Stored data:
• • • • • • •
text \<open>A left adjoint \<alpha> of \<open>\<down>\<close> computes joins of downsheaves.  Given a downsheaf U of
\<open>F\<^sup>o\<^sup>p\<close>, i.e. an up-closed subsheaf of F, its meet is the join of the downsheaf of local
lower bounds of U; this gives a left adjoint of \<open>\<down>\<close> for \<open>F\<^sup>o\<^sup>p\<close>.  The frame law is what
makes local lower bounds glue: a bound over \<open>w'\<close> is checked on the cover \<open>w' \<sqinter> w\<close>.
Applying the construction to \<open>F\<^sup>o\<^sup>p\<close> gives the converse.\<close>

lemma posheafD:
  assumes "posheaf F res le"
  shows posheaf_res: "v \<le> u \<Longrightarrow> x \<in> F u \<Longrightarrow> res u v x \<in> F v"
    and posheaf_res_id: "x \<in> F u \<Longrightarrow> res u u x = x"
    and posheaf_res_res: "w \<le> v \<Longrightarrow> v \<le> u \<Longrightarrow> x \<in> F u \<Longrightarrow> res v w (res u v x) = res u w x"
    and posheaf_refl: "x \<in> F u \<Longrightarrow> le u x x"
    and posheaf_trans: "x \<in> F u \<Longrightarrow> y \<in> F u \<Longrightarrow> z \<in> F u \<Longrightarrow> le u x y \<Longrightarrow> le u y z \<Longrightarrow> le u x z"
    and posheaf_res_mono: "v \<le> u \<Longrightarrow> x \<in> F u \<Longrightarrow> y \<in> F u \<Longrightarrow> le u x y \<Longrightarrow> le v (res u v x) (res u v y)"
    and posheaf_le_glue: "s \<in> F (Sup U) \<Longrightarrow> t \<in> F (Sup U) \<Longrightarrow>
        (\<And>v. v \<in> U \<Longrightarrow> le v (res (Sup U) v s) (res (Sup U) v t)) \<Longrightarrow> le (Sup U) s t"
  using assms unfolding posheaf_def sheaf_def by (elim conjE; metis)+

lemma opp_opp [simp]: "opp (opp le) = le"
  unfolding opp_def by simp

lemma posheaf_opp: "posheaf F res le \<Longrightarrow> posheaf F res (opp le)"
  unfolding posheaf_def opp_def by (elim conjE) (intro conjI; metis)
(* Let $\kappa>0$ and define $g:\mathbb{R}\to\mathbb{R}$ by $g(t)=\sqrt{1-\kappa t^2}$ if $0\leq t<\sqrt{1/(3\kappa)}$, $g(t)=\frac{1}{3\sqrt{2\kappa}\,t}+\sqrt{\frac16}$ if $t\geq\sqrt{1/(3\kappa)}$, and $g(t)=g(-t)$ for $t<0$. Let $G(t)=\int_0^t g(s)\,ds$ and let $G^{-1}$ denote its inverse function. Then: (1) $\lim_{t\to0}\frac{G^{-1}(t)}{t}=1$; (2) $\lim_{t\to\infty}\frac{G^{-1}(t)}{t}=\sqrt6$; (3) $t\leq G^{-1}(t)\leq\sqrt6\,t$ for all $t\geq0$; (4) $-\frac12\leq \frac{t}{g(t)}g'(t)\leq 0$ for all $t\geq 0$.
   Context: The function $g$ is $C^1$, even, takes values in $(\sqrt{1/6},1]$, and $G$ is a strictly increasing odd $C^2$ bijection of $\mathbb{R}$. *)

theory Defs
  imports "HOL-Analysis.Analysis"
begin

definition gfun :: "real \<Rightarrow> real \<Rightarrow> real" where
  "gfun \<kappa> t = (let s = \<bar>t\<bar> in
     if s < sqrt (1 / (3 * \<kappa>)) then sqrt (1 - \<kappa> * s\<^sup>2)
     else 1 / (3 * sqrt (2 * \<kappa>) * s) + sqrt (1 / 6))"

definition Gfun :: "real \<Rightarrow> real \<Rightarrow> real" where
  "Gfun \<kappa> t = (if 0 \<le> t then integral {0..t} (gfun \<kappa>)
                 else - integral {t..0} (gfun \<kappa>))"

end

theory Submission
  imports Defs
begin

(*
  G is an antiderivative of g with sqrt(1/6) <= g <= 1, g(0) = 1 and g(t) -> sqrt(1/6) as
  t -> oo.  These slope bounds make G a strictly increasing bijection with
  sqrt(1/6) t <= G(t) <= t for t >= 0, which inverts to (3); (1) is the inverse function rule
  (G^-1)'(0) = 1/g(0), and (2) follows from G(t)/t -> sqrt(1/6) by l'Hopital's rule.
  For (4), t g'(t)/g(t) equals -k t^2/(1 - k t^2) with k t^2 <= 1/3 on the first branch and
  -w/(w + sqrt(1/6)) with 0 < w = 1/(3 sqrt(2k) t) <= sqrt(1/6) on the second; the two
  branches agree to first order at the kink sqrt(1/(3k)), so g is differentiable there.
*)

definition signed_integral :: "(real \<Rightarrow> real) \<Rightarrow> real \<Rightarrow> real" where
  "signed_integral f t = (if 0 \<le> t then integral {0..t} f else - integral {t..0} f)"

lemma signed_integral_diff:
  assumes "continuous_on UNIV f" "a \<le> b"
  shows "signed_integral f b - signed_integral f a = integral {a..b} f"
proof -
  have int: "f integrable_on {x..y}" for x y
    using assms(1) by (intro integrable_continuous_interval) (auto intro: continuous_on_subset)
  consider "0 \<le> a" | "b < 0" | "a < 0" "0 \<le> b" by linarith
  then show ?thesis
  proof cases
    case 1
    have "integral {0..a} f + integral {a..b} f = integral {0..b} f"
      using 1 assms(2) by (intro Henstock_Kurzweil_Integration.integral_combine int) auto
    then show ?thesis using 1 assms(2) by (simp add: signed_integral_def)
  next
    case 2
    have "integral {a..b} f + integral {b..0} f = integral {a..0} f"
      using 2 assms(2) by (intro Henstock_Kurzweil_Integration.integral_combine int) auto
    then show ?thesis using 2 assms(2) by (simp add: signed_integral_def)
  next
    case 3
    have "integral {a..0} f + integral {0..b} f = integral {a..b} f"
      using 3 by (intro Henstock_Kurzweil_Integration.integral_combine int) auto
    then show ?thesis using 3 by (simp add: signed_integral_def)
  qed
qed

lemma signed_integral_has_real_derivative:
  assumes "continuous_on UNIV f"
  shows "(signed_integral f has_real_derivative f x) (at x)"
proof -
  have "((\<lambda>u. integral {x-1..u} f) has_real_derivative f x) (at x within {x-1..x+1})"
    using assms by (intro integral_has_real_derivative) (auto intro: continuous_on_subset)
  then have "((\<lambda>u. signed_integral f (x-1) + integral {x-1..u} f) has_real_derivative f x) (at x)"
    by (auto simp: at_within_Icc_at intro!: derivative_eq_intros)
  then show ?thesis
  proof (rule has_field_derivative_transform_within_open[where S = "{x-1<..<x+1}"])
    fix u assume "u \<in> {x-1<..<x+1}"
    then show "signed_integral f (x-1) + integral {x-1..u} f = signed_integral f u"
      using signed_integral_diff[OF assms, of "x-1" u] by simp
  qed auto
qed

lemma has_real_derivative_glue:
  assumes "(f\<^sub>1 has_real_derivative D) (at c)" and "(f\<^sub>2 has_real_derivative D) (at c)"
    and "0 < d"
    and "\<And>x. c - d < x \<Longrightarrow> x \<le> c \<Longrightarrow> f x = f\<^sub>1 x"
    and "\<And>x. c \<le> x \<Longrightarrow> x < c + d \<Longrightarrow> f x = f\<^sub>2 x"
  shows "(f has_real_derivative D) (at c)"
proof -
  have "(f has_real_derivative D) (at c within {..c})"
    by (rule has_field_derivative_transform_within[OF has_field_derivative_at_within[OF assms(1)]
          assms(3)]) (auto simp: assms(4) dist_real_def)
  moreover have "(f has_real_derivative D) (at c within {c..})"
    by (rule has_field_derivative_transform_within[OF has_field_derivative_at_within[OF assms(2)]
          assms(3)]) (auto simp: assms(5) dist_real_def)
  ultimately have "(f has_real_derivative D) (at c within {..c} \<union> {c..})"
    unfolding has_field_derivative_iff Lim_within_Un by blast
  moreover have "{..c} \<union> {c..} = (UNIV :: real set)" by auto
  ultimately show ?thesis by simp
qed
(* Let $G$ be a connected nontrivial graph with $m$ vertices and let $n\geq2$. If $\min\{(3n-2)\lambda(G),\ m+2e(G)\}> \min\{2\xi(G)+4,\ 5\delta(G)+1\}$, then $G\boxtimes P_n$ is super restricted edge-connected.
   Context: All graphs are finite, simple and undirected; "nontrivial" means having at least two vertices. $P_n$ denotes the path on $n$ vertices. For a graph $G$: $e(G)=|E(G)|$; $\delta(G)$ is the minimum degree; $\lambda(G)$ is the edge-connectivity; for an edge $uv$, its edge-degree is $d_G(u)+d_G(v)-2$, and $\xi(G)$ is the minimum edge-degree over all edges of $G$. A restricted edge-cut of a connected graph $G$ is a set $S\subseteq E(G)$ such that $G-S$ is disconnected and every component of $G-S$ has at least $2$ vertices; $\lambda'(G)$ is the minimum cardinality of a restricted edge-cut. A graph is super restricted edge-connected if every minimum restricted edge-cut $S$ isolates an edge, i.e. some component of $G-S$ consists of exactly two (adjacent) vertices. The strong product $G\boxtimes H$ has vertex set $V(G)\times V(H)$, with $(x_1,y_1)$ and $(x_2,y_2)$ adjacent iff either $x_1=x_2$ and $y_1y_2\in E(H)$, or $y_1=y_2$ and $x_1x_2\in E(G)$, or $x_1x_2\in E(G)$ and $y_1y_2\in E(H)$. *)

theory Defs
  imports Main
begin

type_synonym 'a sgraph = "'a set \<times> 'a set set"

definition verts :: "'a sgraph \<Rightarrow> 'a set" where "verts G = fst G"
definition edges :: "'a sgraph \<Rightarrow> 'a set set" where "edges G = snd G"

definition sgraph :: "'a sgraph \<Rightarrow> bool" where
  "sgraph G \<longleftrightarrow> finite (verts G) \<and>
     (\<forall>e\<in>edges G. \<exists>u v. e = {u, v} \<and> u \<noteq> v \<and> u \<in> verts G \<and> v \<in> verts G)"

definition adj :: "'a sgraph \<Rightarrow> 'a \<Rightarrow> 'a \<Rightarrow> bool" where
  "adj G u v \<longleftrightarrow> {u, v} \<in> edges G"

definition reachable :: "'a sgraph \<Rightarrow> 'a \<Rightarrow> 'a \<Rightarrow> bool" where
  "reachable G = (adj G)\<^sup>*\<^sup>*"

definition connected :: "'a sgraph \<Rightarrow> bool" where
  "connected G \<longleftrightarrow> (\<forall>u\<in>verts G. \<forall>v\<in>verts G. reachable G u v)"

definition component :: "'a sgraph \<Rightarrow> 'a \<Rightarrow> 'a set" where
  "component G v = {u \<in> verts G. reachable G v u}"

definition nontrivial :: "'a sgraph \<Rightarrow> bool" where
  "nontrivial G \<longleftrightarrow> card (verts G) \<ge> 2"

definition num_edges :: "'a sgraph \<Rightarrow> nat" where
  "num_edges G = card (edges G)"

definition degree :: "'a sgraph \<Rightarrow> 'a \<Rightarrow> nat" where
  "degree G v = card {e \<in> edges G. v \<in> e}"

definition min_degree :: "'a sgraph \<Rightarrow> nat" where
  "min_degree G = Min (degree G ` verts G)"

definition min_edge_degree :: "'a sgraph \<Rightarrow> nat" where
  "min_edge_degree G =
     Min {degree G u + degree G v - 2 | u v. {u, v} \<in> edges G \<and> u \<noteq> v}"

definition del_edges :: "'a sgraph \<Rightarrow> 'a set set \<Rightarrow> 'a sgraph" where
  "del_edges G S = (verts G, edges G - S)"

definition edge_cut :: "'a sgraph \<Rightarrow> 'a set set \<Rightarrow> bool" where
  "edge_cut G S \<longleftrightarrow> S \<subseteq> edges G \<and> \<not> connected (del_edges G S)"

definition edge_connectivity :: "'a sgraph \<Rightarrow> nat" where
  "edge_connectivity G = Min (card ` {S. edge_cut G S})"

definition restricted_edge_cut :: "'a sgraph \<Rightarrow> 'a set set \<Rightarrow> bool" where
  "restricted_edge_cut G S \<longleftrightarrow> edge_cut G S \<and>
     (\<forall>v\<in>verts G. card (component (del_edges G S) v) \<ge> 2)"

definition restricted_edge_connectivity :: "'a sgraph \<Rightarrow> nat" where
  "restricted_edge_connectivity G = Min (card ` {S. restricted_edge_cut G S})"

definition super_restricted_edge_connected :: "'a sgraph \<Rightarrow> bool" where
  "super_restricted_edge_connected G \<longleftrightarrow>
     (\<forall>S. restricted_edge_cut G S \<and> card S = restricted_edge_connectivity G \<longrightarrow>
        (\<exists>v\<in>verts G. card (component (del_edges G S) v) = 2))"

definition strong_product :: "'a sgraph \<Rightarrow> 'b sgraph \<Rightarrow> ('a \<times> 'b) sgraph" where
  "strong_product G H = (verts G \<times> verts H,
     {{(x1, y1), (x2, y2)} | x1 y1 x2 y2.
        x1 \<in> verts G \<and> x2 \<in> verts G \<and> y1 \<in> verts H \<and> y2 \<in> verts H \<and>
        ((x1 = x2 \<and> {y1, y2} \<in> edges H) \<or>
         (y1 = y2 \<and> {x1, x2} \<in> edges G) \<or>
         ({x1, x2} \<in> edges G \<and> {y1, y2} \<in> edges H))})"

definition path_graph :: "nat \<Rightarrow> nat sgraph" where
  "path_graph n = ({0..<n}, {{i, Suc i} | i. Suc i < n})"

end

theory Submission
  imports Defs
begin

text \<open>Write X for G \<boxtimes> P_n and describe a vertex set C of X by its layers
  C_k = {x. (x, k) \<in> C}. An edge of X leaving C either lies in a layer, where it is an edge of G
  leaving C_k, or joins consecutive layers, where the edges leaving C correspond to pairs (x, y)
  with y in the closed neighbourhood N[x] and x \<in> C_k \<longleftrightarrow> y \<notin> C_{k+1}.

  Isolating an edge {(x, 0), (y, 0)} with xy of minimum edge-degree, or {(x, 0), (x, 1)} with x
  of minimum degree, shows \<lambda>'(X) \<le> min (2\<xi>(G) + 4) (5\<delta>(G) + 1). Now let S be a minimum
  restricted edge-cut all of whose components have at least three vertices, and C a component.
  If C has a full and an empty layer, every pair (x, y) with y \<in> N[x] is cut between some two
  consecutive layers, so |S| \<ge> m + 2e(G). If all layers are proper, each layer contributes at
  least \<lambda>(G) and each pair of consecutive layers at least 2\<lambda>(G), so |S| \<ge> (3n - 2)\<lambda>(G). If
  some layer is empty but none is full, the nonempty layers form an interval, and counting the
  edges at its end layer and the layer next to it gives |S| > min (2\<xi>(G) + 4) (5\<delta>(G) + 1).
  A full layer without an empty one leaves an empty layer in every other component. Each case
  contradicts the hypothesis or the minimality of S, so S isolates an edge.\<close>

section \<open>Neighbourhoods, edge boundaries and connectivity\<close>

definition neighbours :: "'a sgraph \<Rightarrow> 'a \<Rightarrow> 'a set" where
  "neighbours H x = {y. {x, y} \<in> edges H}"

definition closed_neighbours :: "'a sgraph \<Rightarrow> 'a \<Rightarrow> 'a set" where
  "closed_neighbours H x = insert x (neighbours H x)"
• • • • • • •
● **EXERCISE INSTRUCTIONS**
The required answer is the run of lines above, starting at the line with "using assms by" and ending at the line with "< x \<Longrightarrow>", reproduced exactly with both ends.

● **EXERCISE RESULT**
    using assms by (intro integral_has_real_derivative) (auto intro: continuous_on_subset)
  then have "((\<lambda>u. signed_integral f (x-1) + integral {x-1..u} f) has_real_derivative f x) (at x)"
    by (auto simp: at_within_Icc_at intro!: derivative_eq_intros)
  then show ?thesis
  proof (rule has_field_derivative_transform_within_open[where S = "{x-1<..<x+1}"])
    fix u assume "u \<in> {x-1<..<x+1}"
    then show "signed_integral f (x-1) + integral {x-1..u} f = signed_integral f u"
      using signed_integral_diff[OF assms, of "x-1" u] by simp
  qed auto
qed

lemma has_real_derivative_glue:
  assumes "(f\<^sub>1 has_real_derivative D) (at c)" and "(f\<^sub>2 has_real_derivative D) (at c)"
    and "0 < d"
    and "\<And>x. c - d < x \<Longrightarrow> x \<le> c \<Longrightarrow> f x = f\<^sub>1 x"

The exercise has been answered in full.